**YOUR GOAL**
Exactly the lines from the start of the data below through the line containing "using e by simp" must be returned, and no others.

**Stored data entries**

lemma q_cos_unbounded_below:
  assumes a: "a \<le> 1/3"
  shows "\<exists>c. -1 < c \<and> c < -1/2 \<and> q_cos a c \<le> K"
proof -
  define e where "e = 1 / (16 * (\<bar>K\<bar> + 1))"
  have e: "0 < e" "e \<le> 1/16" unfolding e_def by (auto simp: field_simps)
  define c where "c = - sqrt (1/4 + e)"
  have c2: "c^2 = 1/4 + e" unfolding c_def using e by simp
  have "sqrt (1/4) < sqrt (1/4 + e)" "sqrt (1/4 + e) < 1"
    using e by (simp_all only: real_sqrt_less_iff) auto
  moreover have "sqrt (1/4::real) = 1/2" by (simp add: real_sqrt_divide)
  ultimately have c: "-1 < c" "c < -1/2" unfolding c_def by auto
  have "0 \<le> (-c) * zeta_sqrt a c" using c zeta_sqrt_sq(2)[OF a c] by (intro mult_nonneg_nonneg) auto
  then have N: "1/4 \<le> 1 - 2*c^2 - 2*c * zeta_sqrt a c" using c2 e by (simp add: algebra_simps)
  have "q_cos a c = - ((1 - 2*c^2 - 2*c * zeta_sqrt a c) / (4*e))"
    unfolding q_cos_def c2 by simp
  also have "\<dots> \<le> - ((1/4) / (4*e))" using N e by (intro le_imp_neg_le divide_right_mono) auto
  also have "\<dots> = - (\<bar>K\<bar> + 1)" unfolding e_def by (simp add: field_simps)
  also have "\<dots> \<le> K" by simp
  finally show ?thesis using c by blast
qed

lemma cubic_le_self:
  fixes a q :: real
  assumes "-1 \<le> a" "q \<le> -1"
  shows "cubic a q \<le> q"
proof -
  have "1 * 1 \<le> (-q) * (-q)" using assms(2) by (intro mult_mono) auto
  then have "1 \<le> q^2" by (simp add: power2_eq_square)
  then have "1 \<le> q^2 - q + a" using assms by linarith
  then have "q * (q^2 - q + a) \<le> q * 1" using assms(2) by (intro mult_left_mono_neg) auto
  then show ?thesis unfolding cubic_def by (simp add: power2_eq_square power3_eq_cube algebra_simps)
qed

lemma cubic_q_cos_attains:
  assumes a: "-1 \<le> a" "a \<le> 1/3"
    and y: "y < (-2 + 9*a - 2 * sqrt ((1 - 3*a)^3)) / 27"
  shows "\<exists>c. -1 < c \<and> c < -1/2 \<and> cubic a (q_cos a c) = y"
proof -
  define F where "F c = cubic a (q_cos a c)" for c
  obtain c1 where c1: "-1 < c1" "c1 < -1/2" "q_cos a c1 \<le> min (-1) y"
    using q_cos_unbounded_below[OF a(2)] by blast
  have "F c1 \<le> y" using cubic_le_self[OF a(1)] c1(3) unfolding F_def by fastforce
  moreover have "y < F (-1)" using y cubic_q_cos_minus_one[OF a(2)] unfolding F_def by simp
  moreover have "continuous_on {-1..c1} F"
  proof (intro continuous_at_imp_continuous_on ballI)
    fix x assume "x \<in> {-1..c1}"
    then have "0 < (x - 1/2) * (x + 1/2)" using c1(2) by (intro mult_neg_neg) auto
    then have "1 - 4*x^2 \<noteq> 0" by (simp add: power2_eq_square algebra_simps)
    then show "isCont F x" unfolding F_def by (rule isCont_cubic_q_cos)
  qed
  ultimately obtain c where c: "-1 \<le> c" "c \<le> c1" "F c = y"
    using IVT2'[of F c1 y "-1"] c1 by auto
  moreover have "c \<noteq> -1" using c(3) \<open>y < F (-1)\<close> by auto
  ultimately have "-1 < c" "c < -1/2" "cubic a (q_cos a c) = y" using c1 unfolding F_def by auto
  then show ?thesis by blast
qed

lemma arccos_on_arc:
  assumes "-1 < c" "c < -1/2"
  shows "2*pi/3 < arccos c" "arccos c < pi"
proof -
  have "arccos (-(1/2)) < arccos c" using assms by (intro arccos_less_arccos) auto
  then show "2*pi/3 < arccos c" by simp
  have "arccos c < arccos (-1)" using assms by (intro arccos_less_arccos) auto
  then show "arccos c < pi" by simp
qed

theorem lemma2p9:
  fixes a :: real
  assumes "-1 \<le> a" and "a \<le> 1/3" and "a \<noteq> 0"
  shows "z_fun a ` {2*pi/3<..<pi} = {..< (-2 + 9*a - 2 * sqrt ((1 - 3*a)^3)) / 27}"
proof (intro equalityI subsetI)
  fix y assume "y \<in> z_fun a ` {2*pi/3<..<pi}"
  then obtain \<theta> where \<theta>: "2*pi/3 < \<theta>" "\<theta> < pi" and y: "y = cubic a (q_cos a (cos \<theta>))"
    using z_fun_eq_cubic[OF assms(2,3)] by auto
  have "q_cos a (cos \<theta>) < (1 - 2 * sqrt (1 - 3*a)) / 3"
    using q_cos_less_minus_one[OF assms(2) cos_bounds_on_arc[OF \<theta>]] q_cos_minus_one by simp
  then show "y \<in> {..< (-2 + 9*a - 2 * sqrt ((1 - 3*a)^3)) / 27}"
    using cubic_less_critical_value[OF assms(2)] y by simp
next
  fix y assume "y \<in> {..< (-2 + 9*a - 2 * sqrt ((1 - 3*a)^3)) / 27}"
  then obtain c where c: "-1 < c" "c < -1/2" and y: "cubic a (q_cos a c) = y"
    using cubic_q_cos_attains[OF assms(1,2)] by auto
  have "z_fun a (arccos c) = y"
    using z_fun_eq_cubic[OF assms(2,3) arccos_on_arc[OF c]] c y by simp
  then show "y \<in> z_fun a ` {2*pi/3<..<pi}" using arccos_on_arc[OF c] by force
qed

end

**RESPONSE BELOW**
lemma q_cos_unbounded_below:
  assumes a: "a \<le> 1/3"
  shows "\<exists>c. -1 < c \<and> c < -1/2 \<and> q_cos a c \<le> K"
proof -
  define e where "e = 1 / (16 * (\<bar>K\<bar> + 1))"
  have e: "0 < e" "e \<le> 1/16" unfolding e_def by (auto simp: field_simps)
  define c where "c = - sqrt (1/4 + e)"
  have c2: "c^2 = 1/4 + e" unfolding c_def using e by simp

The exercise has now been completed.